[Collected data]

lemma basis_of_image:
  assumes iso: "matroid_iso_via f M N" and "C \<subseteq> ground M" and basis: "basis_of M C B"
  shows "basis_of N (f ` C) (f ` B)"
proof -
  have inj: "inj_on f (ground M)"
    and indep_iff: "\<And>I. I \<subseteq> ground M \<Longrightarrow> indep M I = indep N (f ` I)"
    using iso unfolding matroid_iso_via_def bij_betw_def by auto
  have B: "B \<subseteq> C" "indep M B" and max: "\<And>X. B \<subset> X \<Longrightarrow> X \<subseteq> C \<Longrightarrow> \<not> indep M X"
    using basis unfolding basis_of_def by auto
  show ?thesis
    unfolding basis_of_def
  proof (intro conjI allI impI)
    show "f ` B \<subseteq> f ` C" "indep N (f ` B)"
      using B assms(2) indep_iff by auto
  next
    fix B'
    assume B': "f ` B \<subset> B' \<and> B' \<subseteq> f ` C"
    then obtain X where X: "X \<subseteq> C" "B' = f ` X"
      by (meson subset_image_iff)
    have "B \<subseteq> X"
    proof
      fix x
      assume "x \<in> B"
      then obtain y where "y \<in> X" "f x = f y"
        using B' X(2) by blast
      moreover have "x \<in> ground M" "y \<in> ground M"
        using \<open>x \<in> B\<close> \<open>y \<in> X\<close> B(1) X(1) assms(2) by auto
      ultimately show "x \<in> X"
        using inj by (metis inj_onD)
    qed
    moreover have "B \<noteq> X"
      using B' X(2) by blast
    ultimately have "\<not> indep M X"
      using max X(1) by blast
    then show "\<not> indep N B'"
      using indep_iff[of X] X assms(2) by auto
  qed
qed

lemma matroid_iso_via_contract:
  assumes iso: "matroid_iso_via f M N" and C: "C \<subseteq> ground M"
  shows "matroid_iso_via f (contract_matroid M C) (contract_matroid N (f ` C))"
proof -
  have bij: "bij_betw f (ground M) (ground N)"
    and indep_iff: "\<And>I. I \<subseteq> ground M \<Longrightarrow> indep M I = indep N (f ` I)"
    using iso unfolding matroid_iso_via_def by auto
  have inj: "inj_on f (ground M)" and image: "f ` ground M = ground N"
    using bij by (auto simp: bij_betw_def)
  let ?g = "inv_into (ground M) f"
  have iso_inv: "matroid_iso_via ?g N M"
    using matroid_iso_via_inv[OF iso] .
  have fC: "f ` C \<subseteq> ground N"
    using C image by blast
  have "(\<exists>B. basis_of M C B \<and> indep M (J \<union> B)) \<longleftrightarrow> (\<exists>B. basis_of N (f ` C) B \<and> indep N (f ` J \<union> B))"
    if J: "J \<subseteq> ground M - C" for J
  proof
    assume "\<exists>B. basis_of M C B \<and> indep M (J \<union> B)"
    then obtain B where B: "basis_of M C B" "indep M (J \<union> B)"
      by blast
    then have "J \<union> B \<subseteq> ground M"
      using J C by (auto simp: basis_of_def)
    with B show "\<exists>B. basis_of N (f ` C) B \<and> indep N (f ` J \<union> B)"
      using basis_of_image[OF iso C B(1)] indep_iff by (metis image_Un)
  next
    assume "\<exists>B. basis_of N (f ` C) B \<and> indep N (f ` J \<union> B)"
    then obtain B where B: "basis_of N (f ` C) B" "indep N (f ` J \<union> B)"
      by blast
    have "f ` J \<union> B \<subseteq> ground N"
      using J image B(1) fC by (auto simp: basis_of_def)
    then have "indep M (?g ` (f ` J \<union> B))"
      using iso_inv B(2) unfolding matroid_iso_via_def by blast
    moreover have "?g ` f ` J = J"
      using J inj by (meson Diff_subset inv_into_image_cancel subset_trans)
    ultimately have "indep M (J \<union> ?g ` B)"
      by (simp add: image_Un)
    moreover have "basis_of M C (?g ` B)"
      using basis_of_image[OF iso_inv fC B(1)] C inj by simp
    ultimately show "\<exists>B. basis_of M C B \<and> indep M (J \<union> B)"
      by blast
  qed
  moreover have bij_diff: "bij_betw f (ground M - C) (ground N - f ` C)"
    using bij C by (rule bij_betw_Diff_image)
  moreover have "f ` J \<subseteq> ground N - f ` C" if "J \<subseteq> ground M - C" for J
    using that bij_diff unfolding bij_betw_def by blast
  moreover have "C \<inter> ground M = C" "f ` C \<inter> ground N = f ` C"
    using C fC by auto
  ultimately show ?thesis
    unfolding matroid_iso_via_def by auto
qed

lemma matroid_iso_contract_insert:
  assumes iso: "matroid_iso N (binary_matroid X v)" and "finite X"
    and C: "insert c C \<subseteq> ground N" "c \<notin> C"
  shows "matroid_iso (contract_matroid N (insert c C)) (contract_matroid (contract_matroid N {c}) C)"
proof -
  obtain f where f: "matroid_iso_via f N (binary_matroid X v)"
    using iso unfolding matroid_iso_iff_via by blast
  then have inj: "inj_on f (ground N)" and image: "f ` ground N = X"
    unfolding matroid_iso_via_def bij_betw_def by auto
  have "f c \<notin> f ` C" "insert (f c) (f ` C) \<subseteq> X"
    using C inj image by (auto simp: inj_on_image_mem_iff)
  then have "contract_matroid (binary_matroid X v) (f ` insert c C)
      = contract_matroid (contract_matroid (binary_matroid X v) {f c}) (f ` C)"
    using contract_binary_matroid_insert[OF \<open>finite X\<close>] by simp
  moreover have "matroid_iso_via f (contract_matroid N (insert c C))
      (contract_matroid (binary_matroid X v) (f ` insert c C))"
    using matroid_iso_via_contract[OF f C(1)] .
  moreover have "matroid_iso_via f (contract_matroid (contract_matroid N {c}) C)
      (contract_matroid (contract_matroid (binary_matroid X v) {f c}) (f ` C))"
    using matroid_iso_via_contract[OF matroid_iso_via_contract[OF f, of "{c}"], of C] C by auto
  ultimately show ?thesis
    by (metis matroid_iso_iff_via matroid_iso_sym matroid_iso_trans)
qed

section \<open>Columns of IAS(H) under vertex-minor operations\<close>

lemma looped_simple_graphD:
  assumes "looped_simple_graph H"
  shows "finite (verts H)" "rel H x y \<Longrightarrow> x \<in> verts H" "rel H x y \<Longrightarrow> y \<in> verts H"
    "rel H x y = rel H y x"
  using assms unfolding looped_simple_graph_def by auto

lemma verts_ns_compl[simp]: "verts (ns_compl z H) = verts H"
  by (simp add: ns_compl_def verts_def)

lemma rel_ns_compl:
  "rel (ns_compl z H) x y \<longleftrightarrow>
     (if (x \<noteq> y \<and> neighbor H z x \<and> neighbor H z y) \<or> (x = y \<and> neighbor H z x)
      then \<not> rel H x y else rel H x y)"
  by (simp add: ns_compl_def rel_def)

lemma verts_delete_vertex[simp]: "verts (delete_vertex v H) = verts H - {v}"
  by (simp add: delete_vertex_def verts_def)
lemma coxeter_relator: "r \<in> coxeter_relators S m \<Longrightarrow> set r \<subseteq> S \<and> evW r = \<one>\<^bsub>W\<^esub>"
  using presentation_W by (simp add: presentation_def)

lemma gen_square: assumes "s \<in> S" shows "s \<otimes>\<^bsub>W\<^esub> s = \<one>\<^bsub>W\<^esub>"
proof -
  have "m s s = enat 1" using coxeter_system assms by (simp add: coxeter_system_def one_enat_def)
  then have "[s, s] \<in> coxeter_relators S m"
    unfolding coxeter_relators_def using assms
    by (intro CollectI exI[of _ s] exI[of _ 1]) (simp add: one_enat_def)
  then have "evW [s, s] = \<one>\<^bsub>W\<^esub>" using coxeter_relator by blast
  then show ?thesis using assms gens_closed by auto
qed

lemma even_length_eval_eq:
  assumes "set u \<subseteq> S" "set v \<subseteq> S" "evW u = evW v"
  shows "even (length u) = even (length v)"
proof -
  have "even (length r)" if "r \<in> coxeter_relators S m" for r
    using that unfolding coxeter_relators_def by (auto simp: length_concat sum_list_replicate)
  then obtain w where "even (length (u @ w))" "even (length (v @ w))"
    using presentation_word_invariant[OF presentation_W _ assms, of "\<lambda>w. even (length w)"] by auto
  then show ?thesis by auto
qed

lemma coxeter_length_word:
  assumes "w \<in> carrier W"
  obtains u where "set u \<subseteq> S" "evW u = w" "length u = len w"
proof -
  let ?P = "\<lambda>n. \<exists>u. length u = n \<and> set u \<subseteq> S \<and> evW u = w"
  have "?P (Least ?P)" by (rule LeastI_ex) (use exists_word[OF assms] in blast)
  then show thesis using that unfolding coxeter_length_def by blast
qed
(* Let $P_{2m}(\boldsymbol\lambda)$ be a parallel Eulerian graph with $m\ge1$, and let all edges have activation probability $p\in(0,1]$. Then for every edge $e$, the expected time for the uniform Eulerian strategy to traverse $e$ equals $$\frac{\theta(P_{2m}(\boldsymbol\lambda))+p^{-1}}{2}+\Phi_m.$$ Consequently, $\mathrm{val}(p)\le \frac{\theta(P_{2m}(\boldsymbol\lambda))+p^{-1}}{2}+\Phi_m$.
   Context: Setting: the stochastic search game. Every edge has length $1$ and is active at each stage independently with probability $p$. The hider chooses an edge and stays there. The searcher starts at the root; at each stage, knowing which edges are currently active, she waits or traverses an active edge incident to her position. The hider's payoff is the expected first time the searcher traverses his edge. $\mathrm{val}(p)$ is the value. Parallel graph $P_n(\boldsymbol\lambda)$, with $\boldsymbol\lambda=(\lambda_1,\dots,\lambda_n)$ positive integers: two vertices $O$ (the root) and $D$ joined by $n$ internally vertex-disjoint paths, the $i$-th having $\lambda_i$ edges. When $n=2m$ is even it is Eulerian, and is called a parallel Eulerian graph. Uniform Eulerian strategy: - at $O$ (respectively $D$), wait until at least one untraversed path edge incident to the current vertex is active, then choose uniformly among those active untraversed edges; - then follow the chosen path straight to the other endpoint, waiting whenever the next edge is inactive; - repeat until all edges are traversed. Cycle time: $\theta(P_{2m}(\boldsymbol\lambda))=\sum_{k=1}^{2m}\Big(\frac1{1-(1-p)^k}+\frac{\lambda_k-1}{p}\Big)$. $\Phi_m$ is defined recursively by $\Phi_1=\frac12\big(\frac1{1-(1-p)^2}-\frac1p\big)$ and, for $m>1$, $$\Phi_m=\frac12\frac1{1-(1-p)^{2m}}+\Big(\frac12-\frac1{2m}\Big)\frac1{1-(1-p)^{2m-1}}-\frac1{2m}\Big(\sum_{k=1}^{2(m-1)}\frac1{1-(1-p)^k}+\frac1p\Big)+\frac{m-1}{m}\Phi_{m-1}.$$ *)

theory Defs
  imports "HOL-Probability.Probability"
begin

(* Parallel graph P_{2m}(lam): paths indexed i < 2*m, path i has lam i edges.
   Edge (i,j), 1 <= j <= lam i, is the j-th edge of path i counted from O. *)

datatype pvertex = VO | VD | Mid nat nat
(* Let $F\in\{\mathbb{R},\mathbb{C}\}$ and let $\pi$ be an irreducible unitary representation of $G_n=GL(n,F)$. Then there is a decomposition $n=k+l$ with $k,l\ge0$, an even irreducible unitary representation $\pi_e$ of $G_k$ and an odd irreducible unitary representation $\pi_o$ of $G_l$, uniquely determined up to isomorphism, such that $\pi\simeq\pi_e\times\pi_o$.
   Context: Normalized parabolic induction: for Hilbert representations $\sigma_i$ of $G_{n_i}$, $\sigma_1\times\dots\times\sigma_k$ is the normalized induction to $G_{n_1+\dots+n_k}$ from the standard block upper triangular parabolic of type $(n_1,\dots,n_k)$ of $\sigma_1\otimes\dots\otimes\sigma_k$. $|\ |^s\sigma$ means $g\mapsto|\det g|^s\sigma(g)$. For a square-integrable $\delta$ in the unitary dual of $G_r$ and $t\ge1$, $U(\delta,t)$ is the unique irreducible quotient of $|\ |^{\frac{t-1}2}\delta\times|\ |^{\frac{t-3}2}\delta\times\dots\times|\ |^{\frac{1-t}2}\delta$; for $0<\alpha<\frac12$, $\pi(\delta,t,\alpha)=|\ |^{\alpha}U(\delta,t)\times|\ |^{-\alpha}U(\delta,t)$. Let $B$ be the set of all such representations. Every irreducible unitary $\pi$ of $G_n$ is $\pi_1\times\dots\times\pi_k$ for a unique multiset $\{\pi_i\}\subset B$, and products of elements of $B$ are irreducible unitary. The $SL(2)$-type $\mathcal{V}(\pi)$ is the partition of $n$ with: $\mathcal{V}(U(\delta,t))$ = $r$ parts equal to $t$; $\mathcal{V}(\pi(\delta,t,\alpha))$ = $2r$ parts equal to $t$; $\mathcal{V}(\pi_1\times\pi_2)$ = multiset union of $\mathcal{V}(\pi_1),\mathcal{V}(\pi_2)$. $\pi$ is called even (resp. odd) if all parts of $\mathcal{V}(\pi)$ are even (resp. odd). The trivial representation of $G_0$ is allowed (so $k$ or $l$ may be $0$). *)

theory Defs
  imports Complex_Main "HOL-Library.Multiset"
begin

text \<open>Abstract model of the unitary dual of GL(n,F), F = R or C, via the classification
recalled in the context.  The type 'd stands for (isomorphism classes of) square-integrable
representations delta in the unitary dual of some G_r, and deg delta = r.
An element of B is either U(delta,t) or pi(delta,t,alpha).  An irreducible unitary
representation of G_n, up to isomorphism, is the (unique) finite multiset of elements of B
whose product it is; products are multiset sums.\<close>

datatype 'd bsummand = U 'd nat | Pi 'd nat real

fun valid_B :: "('d \<Rightarrow> nat) \<Rightarrow> 'd bsummand \<Rightarrow> bool" where
  "valid_B deg (U d t) = (t \<ge> 1)"
| "valid_B deg (Pi d t a) = (t \<ge> 1 \<and> 0 < a \<and> a < 1/2)"

text \<open>The n such that the B-element is a representation of G_n.\<close>
fun bdeg :: "('d \<Rightarrow> nat) \<Rightarrow> 'd bsummand \<Rightarrow> nat" where
  "bdeg deg (U d t) = deg d * t"
| "bdeg deg (Pi d t a) = 2 * deg d * t"

text \<open>SL(2)-type of a B-element, as a multiset of parts.\<close>
fun V_B :: "('d \<Rightarrow> nat) \<Rightarrow> 'd bsummand \<Rightarrow> nat multiset" where
  "V_B deg (U d t) = replicate_mset (deg d) t"
| "V_B deg (Pi d t a) = replicate_mset (2 * deg d) t"

definition unitary_irrep :: "('d \<Rightarrow> nat) \<Rightarrow> nat \<Rightarrow> 'd bsummand multiset \<Rightarrow> bool" where
  "unitary_irrep deg n M \<longleftrightarrow> (\<forall>b\<in>#M. valid_B deg b) \<and> sum_mset (image_mset (bdeg deg) M) = n"

definition ind_prod :: "'d bsummand multiset \<Rightarrow> 'd bsummand multiset \<Rightarrow> 'd bsummand multiset" where
  "ind_prod M1 M2 = M1 + M2"

definition sl2type :: "('d \<Rightarrow> nat) \<Rightarrow> 'd bsummand multiset \<Rightarrow> nat multiset" where
  "sl2type deg M = sum_mset (image_mset (V_B deg) M)"

definition even_rep :: "('d \<Rightarrow> nat) \<Rightarrow> 'd bsummand multiset \<Rightarrow> bool" where
  "even_rep deg M \<longleftrightarrow> (\<forall>p\<in>#sl2type deg M. even p)"

definition odd_rep :: "('d \<Rightarrow> nat) \<Rightarrow> 'd bsummand multiset \<Rightarrow> bool" where
  "odd_rep deg M \<longleftrightarrow> (\<forall>p\<in>#sl2type deg M. odd p)"

end

theory Submission
  imports Defs
begin

text \<open>By the classification, \<pi> is the product of a unique multiset of elements of B, and
each element of B has an SL(2)-type all of whose parts equal its parameter t. Hence \<pi> is
even (odd) exactly when all its factors have even (odd) t, and the decomposition is forced:
\<pi>e collects the factors with even t, \<pi>o those with odd t.\<close>

fun sl2_part :: "'d bsummand \<Rightarrow> nat" where
  "sl2_part (U d t) = t"
| "sl2_part (Pi d t a) = t"

lemma set_mset_V_B:
  assumes "\<forall>d. deg d \<ge> 1"
  shows "set_mset (V_B deg b) = {sl2_part b}"
  using assms by (cases b) (auto simp: Suc_le_eq)

lemma set_mset_sl2type: "set_mset (sl2type deg M) = (\<Union>b\<in>set_mset M. set_mset (V_B deg b))"
  unfolding sl2type_def by (induction M) auto

lemma even_rep_iff:
  assumes "\<forall>d. deg d \<ge> 1"
  shows "even_rep deg M \<longleftrightarrow> (\<forall>b\<in>#M. even (sl2_part b))"
  unfolding even_rep_def set_mset_sl2type set_mset_V_B[OF assms] by auto

lemma odd_rep_iff:
  assumes "\<forall>d. deg d \<ge> 1"
  shows "odd_rep deg M \<longleftrightarrow> (\<forall>b\<in>#M. odd (sl2_part b))"
  unfolding odd_rep_def set_mset_sl2type set_mset_V_B[OF assms] by auto

lemma unitary_irrep_plus_iff:
  "unitary_irrep deg n (A + B) \<longleftrightarrow>
     unitary_irrep deg (\<Sum>b\<in>#A. bdeg deg b) A \<and> unitary_irrep deg (\<Sum>b\<in>#B. bdeg deg b) B
     \<and> n = (\<Sum>b\<in>#A. bdeg deg b) + (\<Sum>b\<in>#B. bdeg deg b)"
  unfolding unitary_irrep_def by auto

lemma ex1_mset_split_by_predicate:
  "\<exists>!(A, B). M = A + B \<and> (\<forall>x\<in>#A. P x) \<and> (\<forall>x\<in>#B. \<not> P x)"
proof (rule ex1I)
  show "case (filter_mset P M, filter_mset (Not \<circ> P) M) of (A, B) \<Rightarrow>
          M = A + B \<and> (\<forall>x\<in>#A. P x) \<and> (\<forall>x\<in>#B. \<not> P x)"
    by (simp add: multiset_partition[symmetric] comp_def)
next
  fix AB :: "'a multiset \<times> 'a multiset"
  assume "case AB of (A, B) \<Rightarrow> M = A + B \<and> (\<forall>x\<in>#A. P x) \<and> (\<forall>x\<in>#B. \<not> P x)"
  then obtain A B where "AB = (A, B)" "M = A + B" "\<forall>x\<in>#A. P x" "\<forall>x\<in>#B. \<not> P x"
    by (cases AB) auto
  moreover have "filter_mset P A = A" "filter_mset (Not \<circ> P) B = B"
    using \<open>\<forall>x\<in>#A. P x\<close> \<open>\<forall>x\<in>#B. \<not> P x\<close> by (simp_all add: filter_mset_eq_conv)
  moreover have "filter_mset P B = {#}" "filter_mset (Not \<circ> P) A = {#}"
    using \<open>\<forall>x\<in>#A. P x\<close> \<open>\<forall>x\<in>#B. \<not> P x\<close> by auto
  ultimately show "AB = (filter_mset P M, filter_mset (Not \<circ> P) M)"
    by simp
qed

lemma even_odd_decomposition_iff:
  assumes "\<forall>d. deg d \<ge> 1" and "unitary_irrep deg n \<pi>"
  shows "(k + l = n \<and> unitary_irrep deg k A \<and> even_rep deg A
            \<and> unitary_irrep deg l B \<and> odd_rep deg B \<and> \<pi> = ind_prod A B)
         \<longleftrightarrow> k = (\<Sum>b\<in>#A. bdeg deg b) \<and> l = (\<Sum>b\<in>#B. bdeg deg b)
            \<and> \<pi> = A + B \<and> (\<forall>b\<in>#A. even (sl2_part b)) \<and> (\<forall>b\<in>#B. \<not> even (sl2_part b))"
  using assms(2) unitary_irrep_plus_iff[of deg n A B]
  unfolding even_rep_iff[OF assms(1)] odd_rep_iff[OF assms(1)] ind_prod_def
  by (auto simp: unitary_irrep_def)

theorem corollary2p8:
  fixes deg :: "'d \<Rightarrow> nat" and n :: nat and \<pi> :: "'d bsummand multiset"
  assumes "\<forall>d. deg d \<ge> 1"
    and "unitary_irrep deg n \<pi>"
  shows "\<exists>!(k, l, \<pi>e, \<pi>o). k + l = n
           \<and> unitary_irrep deg k \<pi>e \<and> even_rep deg \<pi>e
           \<and> unitary_irrep deg l \<pi>o \<and> odd_rep deg \<pi>o
           \<and> \<pi> = ind_prod \<pi>e \<pi>o"
proof -
  let ?split = "\<lambda>A B. \<pi> = A + B \<and> (\<forall>b\<in>#A. even (sl2_part b)) \<and> (\<forall>b\<in>#B. \<not> even (sl2_part b))"
  obtain A B where split: "?split A B" and split_unique: "\<And>A' B'. ?split A' B' \<Longrightarrow> A' = A \<and> B' = B"
    using ex1_mset_split_by_predicate[of \<pi> "\<lambda>b. even (sl2_part b)"] by (auto elim!: ex1E) blast
  let ?dim = "\<lambda>M. \<Sum>b\<in>#M. bdeg deg b"
  show ?thesis
  proof (rule ex1I[of _ "(?dim A, ?dim B, A, B)"])
    show "case (?dim A, ?dim B, A, B) of (k, l, \<pi>e, \<pi>o) \<Rightarrow> k + l = n
           \<and> unitary_irrep deg k \<pi>e \<and> even_rep deg \<pi>e
           \<and> unitary_irrep deg l \<pi>o \<and> odd_rep deg \<pi>o \<and> \<pi> = ind_prod \<pi>e \<pi>o"
      unfolding prod.case even_odd_decomposition_iff[OF assms] using split by simp
  next
    fix x
    assume "case x of (k, l, \<pi>e, \<pi>o) \<Rightarrow> k + l = n
           \<and> unitary_irrep deg k \<pi>e \<and> even_rep deg \<pi>e
           \<and> unitary_irrep deg l \<pi>o \<and> odd_rep deg \<pi>o \<and> \<pi> = ind_prod \<pi>e \<pi>o"
    then show "x = (?dim A, ?dim B, A, B)"
      using split_unique by (cases x) (simp only: prod.case even_odd_decomposition_iff[OF assms]; blast)
  qed
qed

end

WORK TASK –
State only how many lines above hold the string "thesis".

REPLY –
7